(Data for this task Opens)
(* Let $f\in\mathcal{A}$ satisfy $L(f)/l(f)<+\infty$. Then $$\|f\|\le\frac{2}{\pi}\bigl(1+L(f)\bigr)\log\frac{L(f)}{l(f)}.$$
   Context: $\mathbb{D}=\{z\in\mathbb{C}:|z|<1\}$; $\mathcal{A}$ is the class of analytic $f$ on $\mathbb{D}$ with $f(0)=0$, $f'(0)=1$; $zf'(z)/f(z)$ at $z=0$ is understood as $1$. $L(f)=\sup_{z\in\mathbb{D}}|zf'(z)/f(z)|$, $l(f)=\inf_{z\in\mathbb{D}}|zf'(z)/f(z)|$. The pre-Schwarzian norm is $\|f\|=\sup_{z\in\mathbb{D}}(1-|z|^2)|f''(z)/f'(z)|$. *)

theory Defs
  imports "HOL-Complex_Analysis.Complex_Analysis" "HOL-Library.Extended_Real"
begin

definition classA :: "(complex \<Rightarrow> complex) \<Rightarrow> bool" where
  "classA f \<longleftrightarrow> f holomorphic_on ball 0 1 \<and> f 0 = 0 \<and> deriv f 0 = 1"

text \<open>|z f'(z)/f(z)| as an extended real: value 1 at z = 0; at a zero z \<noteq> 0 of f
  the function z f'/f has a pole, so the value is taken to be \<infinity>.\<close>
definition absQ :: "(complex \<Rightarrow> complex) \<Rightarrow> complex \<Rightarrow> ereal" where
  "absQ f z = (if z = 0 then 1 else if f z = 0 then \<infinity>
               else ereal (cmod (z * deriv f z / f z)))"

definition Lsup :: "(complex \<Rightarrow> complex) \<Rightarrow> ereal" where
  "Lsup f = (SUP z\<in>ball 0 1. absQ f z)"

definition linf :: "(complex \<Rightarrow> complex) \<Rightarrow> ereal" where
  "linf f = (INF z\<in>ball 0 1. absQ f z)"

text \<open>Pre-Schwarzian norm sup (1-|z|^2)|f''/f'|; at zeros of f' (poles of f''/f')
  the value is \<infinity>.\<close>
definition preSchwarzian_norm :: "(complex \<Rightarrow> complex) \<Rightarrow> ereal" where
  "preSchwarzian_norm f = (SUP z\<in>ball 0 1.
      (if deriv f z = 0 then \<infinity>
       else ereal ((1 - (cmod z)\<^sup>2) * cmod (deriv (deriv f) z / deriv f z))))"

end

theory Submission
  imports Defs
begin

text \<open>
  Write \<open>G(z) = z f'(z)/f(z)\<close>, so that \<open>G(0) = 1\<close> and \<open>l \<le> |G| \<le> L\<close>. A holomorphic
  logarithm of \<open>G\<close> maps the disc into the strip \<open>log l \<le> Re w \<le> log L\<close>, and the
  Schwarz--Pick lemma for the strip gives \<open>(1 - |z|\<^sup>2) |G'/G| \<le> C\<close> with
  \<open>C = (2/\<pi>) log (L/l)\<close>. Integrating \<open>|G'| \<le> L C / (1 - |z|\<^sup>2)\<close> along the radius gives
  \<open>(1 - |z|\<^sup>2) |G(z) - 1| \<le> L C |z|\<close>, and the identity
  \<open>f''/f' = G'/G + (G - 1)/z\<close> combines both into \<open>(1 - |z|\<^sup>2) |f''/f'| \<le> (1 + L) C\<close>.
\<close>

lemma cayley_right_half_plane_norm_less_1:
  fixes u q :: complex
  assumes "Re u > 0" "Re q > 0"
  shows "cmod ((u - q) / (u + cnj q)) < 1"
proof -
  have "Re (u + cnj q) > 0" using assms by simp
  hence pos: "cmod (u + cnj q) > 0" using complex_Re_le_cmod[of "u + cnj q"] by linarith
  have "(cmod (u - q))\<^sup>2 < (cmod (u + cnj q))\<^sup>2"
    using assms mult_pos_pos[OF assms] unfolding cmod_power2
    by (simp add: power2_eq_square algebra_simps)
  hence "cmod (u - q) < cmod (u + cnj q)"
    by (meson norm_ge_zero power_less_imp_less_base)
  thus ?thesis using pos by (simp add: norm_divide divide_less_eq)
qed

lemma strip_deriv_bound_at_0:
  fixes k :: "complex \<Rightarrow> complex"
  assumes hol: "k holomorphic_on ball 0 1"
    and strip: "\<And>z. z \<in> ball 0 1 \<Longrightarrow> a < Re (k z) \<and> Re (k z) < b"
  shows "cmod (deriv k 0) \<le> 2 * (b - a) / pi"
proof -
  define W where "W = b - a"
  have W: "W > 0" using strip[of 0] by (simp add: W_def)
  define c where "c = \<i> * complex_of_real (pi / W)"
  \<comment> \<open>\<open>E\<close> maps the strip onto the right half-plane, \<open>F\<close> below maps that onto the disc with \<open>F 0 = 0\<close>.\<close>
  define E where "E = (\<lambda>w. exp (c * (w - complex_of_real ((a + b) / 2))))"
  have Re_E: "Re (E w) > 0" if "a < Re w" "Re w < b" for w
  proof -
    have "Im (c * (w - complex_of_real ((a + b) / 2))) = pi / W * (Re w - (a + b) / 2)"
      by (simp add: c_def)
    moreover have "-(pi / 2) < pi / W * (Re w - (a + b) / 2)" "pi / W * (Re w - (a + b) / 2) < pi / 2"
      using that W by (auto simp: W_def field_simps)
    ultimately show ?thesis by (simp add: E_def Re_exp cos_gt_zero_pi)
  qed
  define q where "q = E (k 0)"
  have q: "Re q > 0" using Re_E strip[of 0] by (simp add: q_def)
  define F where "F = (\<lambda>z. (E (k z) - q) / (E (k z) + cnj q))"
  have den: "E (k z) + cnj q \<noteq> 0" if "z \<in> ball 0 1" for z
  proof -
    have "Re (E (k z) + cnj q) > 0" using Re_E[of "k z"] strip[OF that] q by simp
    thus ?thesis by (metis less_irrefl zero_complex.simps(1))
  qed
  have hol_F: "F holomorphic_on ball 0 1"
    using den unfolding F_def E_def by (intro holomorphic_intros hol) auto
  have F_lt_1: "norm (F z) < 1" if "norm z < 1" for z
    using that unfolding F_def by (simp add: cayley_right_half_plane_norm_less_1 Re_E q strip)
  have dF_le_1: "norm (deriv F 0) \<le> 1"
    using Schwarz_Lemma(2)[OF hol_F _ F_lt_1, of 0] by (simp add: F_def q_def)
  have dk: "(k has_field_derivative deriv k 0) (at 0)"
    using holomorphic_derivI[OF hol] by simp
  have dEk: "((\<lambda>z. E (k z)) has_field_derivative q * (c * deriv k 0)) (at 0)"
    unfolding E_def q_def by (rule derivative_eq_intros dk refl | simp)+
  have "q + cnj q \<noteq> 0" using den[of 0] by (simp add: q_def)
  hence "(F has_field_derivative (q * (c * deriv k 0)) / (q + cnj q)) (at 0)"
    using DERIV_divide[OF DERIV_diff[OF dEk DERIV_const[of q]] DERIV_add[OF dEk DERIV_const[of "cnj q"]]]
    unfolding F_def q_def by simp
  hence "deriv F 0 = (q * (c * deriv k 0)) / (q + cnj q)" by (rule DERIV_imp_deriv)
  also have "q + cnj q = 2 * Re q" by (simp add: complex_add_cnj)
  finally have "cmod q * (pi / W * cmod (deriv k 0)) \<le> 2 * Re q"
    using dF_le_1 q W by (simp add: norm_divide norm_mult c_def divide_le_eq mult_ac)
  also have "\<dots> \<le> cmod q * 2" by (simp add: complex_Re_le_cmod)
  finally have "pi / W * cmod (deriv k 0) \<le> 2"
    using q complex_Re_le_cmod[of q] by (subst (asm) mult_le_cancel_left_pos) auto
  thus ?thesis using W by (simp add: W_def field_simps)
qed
(Data for this task Closes)
What to do. Output exactly the lines above, from the one holding "using dF_le_1 q" through the end of the data, including the first and last.

Expected answer.
    using dF_le_1 q W by (simp add: norm_divide norm_mult c_def divide_le_eq mult_ac)
  also have "\<dots> \<le> cmod q * 2" by (simp add: complex_Re_le_cmod)
  finally have "pi / W * cmod (deriv k 0) \<le> 2"
    using q complex_Re_le_cmod[of q] by (subst (asm) mult_le_cancel_left_pos) auto
  thus ?thesis using W by (simp add: W_def field_simps)
qed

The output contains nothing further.